One notable advantage of having big customers like Hewlett-Packard pre-announce at Consumer Electronics Show is that big media outlets like The Wall Street Journal treat the smartbook category with more respect. Pundits were praising HP, Lenovo, Mobinnova, ARM processors, and even the 1.5-GHz Snapdragon to the rafters, which means ARM-based mini-systems are bound to be as picked over by analysts and bloggers in 2010 as netbooks. But that good news holds a downside, as exemplified by AT&T’s newfound interest in Mobinnova (whose platform will be analyzed by Gordon Kelly later).

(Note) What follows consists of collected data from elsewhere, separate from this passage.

text \<open>Either no extension of \<open>\<tau>\<close> makes program \<open>k\<close> halt on the argument \<open>n\<close>, or by the use
  principle a finite extension \<open>\<tau>'\<close> of \<open>\<tau>\<close> fixes its output \<open>v\<close>; one more bit of \<open>\<sigma>\<close> then
  makes the \<open>n\<close>-th value of the reduced real differ from \<open>v\<close>.\<close>

lemma splitting_not_reduced_by: "splitting not_reduced_by"
proof
  fix k and \<sigma> \<tau> :: "bool list"
  define p where "p = (from_nat k :: prog)"
  define n where "n = 2 * Suc (length \<sigma>)"
  show "\<exists>\<sigma>' \<tau>'. prefix \<sigma> \<sigma>' \<and> prefix \<tau> \<tau>' \<and> forces not_reduced_by k \<sigma>' \<tau>'"
  proof (cases "\<exists>Y v. extends \<tau> Y \<and> eval_prog (real_oracle (cantor_real Y)) p [n] v")
    case False
    then have "forces not_reduced_by k \<sigma> \<tau>"
      unfolding forces_def not_reduced_by_def p_def by blast
    then show ?thesis by blast
  next
    case True
    then obtain Y v where Y: "extends \<tau> Y"
      and v: "eval_prog (real_oracle (cantor_real Y)) p [n] v"
      by blast
    obtain N where N: "eval_stable (real_oracle (cantor_real Y)) p [n] v N"
      using eval_prog_eventually_stable[OF v] by (auto simp: eventually_sequentially)
    define \<tau>' where "\<tau>' = map Y [0..<max N (length \<tau>)]"
    have "eval_prog (real_oracle (cantor_real Y')) p [n] v" if "extends \<tau>' Y'" for Y'
    proof -
      have "\<forall>u<N. real_oracle (cantor_real Y') u = real_oracle (cantor_real Y) u"
        using that real_oracle_cantor_real_cong unfolding \<tau>'_def extends_map_upt by simp
      then show ?thesis using N unfolding eval_stable_def by blast
    qed
    then have "real_oracle (cantor_real X) n = v"
      if "extends \<tau>' Y'" "\<not> not_reduced_by k X Y'" for X Y'
      using that eval_prog_det unfolding not_reduced_by_def p_def by blast
    then have "\<exists>b. forces not_reduced_by k (\<sigma> @ [b]) \<tau>'"
      unfolding n_def by (rule forces_not_reduced_by_snoc)
    then obtain b where "forces not_reduced_by k (\<sigma> @ [b]) \<tau>'" ..
    moreover have "prefix \<tau> \<tau>'"
      unfolding \<tau>'_def by (rule extends_imp_prefix_map_upt[OF Y]) simp
    ultimately show ?thesis by (intro exI[of _ "\<sigma> @ [b]"] exI[of _ \<tau>']) simp
  qed
qed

The key to my concern lies in those three letters – A, T, T. This is the wireless operator telling iPhone users to back off on the bandwidth, because it wasn’t prepared to catch up on basestation architectures to meet customer demand (thankfully, Fake Steve Jobs blog ripped apart AT&T, in a hilarious interview, comparing its infrastructure attitude with Capitol Records’ decision in 1964 to build new pressing plants to meet customer demand for Meet The Beatles). This is also the same AT&T that told the FCC recently that it is worried about the wireline side of its business becoming a death spiral.

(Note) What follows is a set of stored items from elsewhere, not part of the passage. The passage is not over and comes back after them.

lemma goal_reaching_trace_policy_run:
  assumes "goal_directed_mdp T SG" "deterministic_transitions T"
    and "policy_run T pol s k \<in> SG"
  shows "goal_reaching_trace T SG pol s (map (policy_run T pol s) [0..<Suc k])"
  using assms(3)
  by (auto simp: goal_reaching_trace_def hd_map last_map nth_append
      deterministic_transition_eq[OF assms(1,2)] policy_run_Suc' simp del: upt_Suc)

lemma not_bottleneck_state_iff:
  assumes "goal_directed_mdp T SG" "deterministic_transitions T"
  shows "\<not> bottleneck_state T s0 SG b \<longleftrightarrow>
           (\<exists>pol k. policy_run T pol s0 k \<in> SG \<and> (\<forall>t\<le>k. policy_run T pol s0 t \<noteq> b))"
proof
  assume "\<not> bottleneck_state T s0 SG b"
  then obtain pol xs where trace: "goal_reaching_trace T SG pol s0 xs" and "b \<notin> set xs"
    unfolding bottleneck_state_def by blast
  define k where "k = length xs - 1"
  have "xs \<noteq> []" "last xs \<in> SG"
    using trace unfolding goal_reaching_trace_def by auto
  then have k: "k < length xs" and "xs ! k \<in> SG"
    by (auto simp: k_def last_conv_nth)
  then have "policy_run T pol s0 k \<in> SG"
    using goal_reaching_trace_nth[OF assms trace] by simp
  moreover have "policy_run T pol s0 t \<noteq> b" if "t \<le> k" for t
  proof -
    have "t < length xs" using that k by simp
    then show ?thesis
      using goal_reaching_trace_nth[OF assms trace] nth_mem \<open>b \<notin> set xs\<close> by metis
  qed
  ultimately show "\<exists>pol k. policy_run T pol s0 k \<in> SG \<and> (\<forall>t\<le>k. policy_run T pol s0 t \<noteq> b)"
    by blast
next
  assume "\<exists>pol k. policy_run T pol s0 k \<in> SG \<and> (\<forall>t\<le>k. policy_run T pol s0 t \<noteq> b)"
  then obtain pol k where goal: "policy_run T pol s0 k \<in> SG"
    and avoid: "\<forall>t\<le>k. policy_run T pol s0 t \<noteq> b"
    by blast
  have "b \<notin> set (map (policy_run T pol s0) [0..<Suc k])"
    using avoid by (auto simp: less_Suc_eq_le simp del: upt_Suc)
  with goal_reaching_trace_policy_run[OF assms goal] show "\<not> bottleneck_state T s0 SG b"
    unfolding bottleneck_state_def by blast
qed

Well, if you’ve watched the “Island of Misfit Toys” commercial Verizon aired over Christmas, you know that a Verizon can come to the rescue. The same Verizon that introduced new Palm Pre and Pixi Plus phones for its network, but told a CES audience that scaling to Long-Term Evolution networks will take a good two years (and its demonstration room for LTE pointedly did not show handset or smartbook client devices, only large wireless clients). The same Verizon that won’t be able to join in the Google Nexus One game until the current GSM interface is upgraded to CDMA.

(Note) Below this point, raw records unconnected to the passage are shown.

definition S_commutative :: "('a \<Rightarrow> 'a \<Rightarrow> 'a) \<Rightarrow> bool" where
  "S_commutative mul \<longleftrightarrow> (\<forall>s t. mul s t = mul t s)"

definition S_sub :: "('a \<Rightarrow> 'a \<Rightarrow> 'a) \<Rightarrow> 'a \<Rightarrow> 'a \<Rightarrow> 'a set" where
  "S_sub mul z \<alpha> = {s. mul z s = \<alpha> \<and> mul s z = \<alpha>}"

definition S_Lambda :: "('a \<Rightarrow> 'a \<Rightarrow> 'a) \<Rightarrow> 'a \<Rightarrow> 'a set" where
  "S_Lambda mul z = {\<alpha>. S_sub mul z \<alpha> \<noteq> {}}"

definition wheel_distributive :: "('a \<Rightarrow> 'a \<Rightarrow> 'a) \<Rightarrow> ('a \<Rightarrow> 'a \<Rightarrow> 'a) \<Rightarrow> 'a \<Rightarrow> bool" where
  "wheel_distributive add mul z \<longleftrightarrow>
     (\<forall>s t r. add (mul s (add t r)) (mul s z) = add (mul s t) (mul s r))"

definition S_associative ::
  "('a \<Rightarrow> 'a \<Rightarrow> 'a) \<Rightarrow> ('a \<Rightarrow> 'a \<Rightarrow> 'a) \<Rightarrow> 'a \<Rightarrow> ('a \<Rightarrow> 'a) \<Rightarrow> 'a \<Rightarrow> bool" where
  "S_associative add mul z neg one \<longleftrightarrow>
     (\<forall>m \<in> S_sub mul z z. \<forall>n \<in> S_sub mul z z. \<forall>s.
        mul m (mul n s) =
          ssub add neg (mul (mul m n) s)
            (mul (mul (ssub add neg m one) (ssub add neg n one)) (mul z s)))"

definition is_base :: "('a \<Rightarrow> 'a \<Rightarrow> 'a) \<Rightarrow> ('a \<Rightarrow> 'a \<Rightarrow> 'a) \<Rightarrow> 'a \<Rightarrow> 'a \<Rightarrow> 'a \<Rightarrow> bool" where
  "is_base add mul z \<alpha> q \<longleftrightarrow>
     S_sub mul z z \<noteq> {} \<and> \<alpha> \<in> S_Lambda mul z \<and> q \<in> S_sub mul z \<alpha> \<and>
     (\<forall>\<beta> \<in> S_sub mul z z. add q \<beta> \<in> S_sub mul z \<alpha>) \<and>
     (\<forall>s \<in> S_sub mul z \<alpha>. \<exists>\<beta> \<in> S_sub mul z z. s = add q \<beta>)"

definition coordinated :: "('a \<Rightarrow> 'a \<Rightarrow> 'a) \<Rightarrow> ('a \<Rightarrow> 'a \<Rightarrow> 'a) \<Rightarrow> 'a \<Rightarrow> bool" where
  "coordinated add mul z \<longleftrightarrow>
     S_sub mul z z \<noteq> {} \<and> (\<forall>\<alpha> \<in> S_Lambda mul z. \<exists>q. is_base add mul z \<alpha> q)"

T-Mobile? It may be more aggressive in bandwidth rollout, but its coverage in North America has a long way to go. Sprint? It was early with WiMax, but WiMax as an access-point technology is not truly 4G in the sense that LTE Advanced is. And Sprint is now dependent on its partner Clearwire for Wi-Max rollout. The company’s only advantage is offering a unique WiMax router called Overdrive that may ease users’ access tasks.
In short, we have a slew of new smartbooks, netbooks, and smartphones capable of video and advanced packet services, and wireless operators that want to offer smartbooks and netbooks directly, in the same way they offer smartphones. The operators had better get cracking to upgrade those networks, or we’ll find by the summer of 2010 they have large inventories of smartbooks, even as they are singing to users “Get off my cloud!”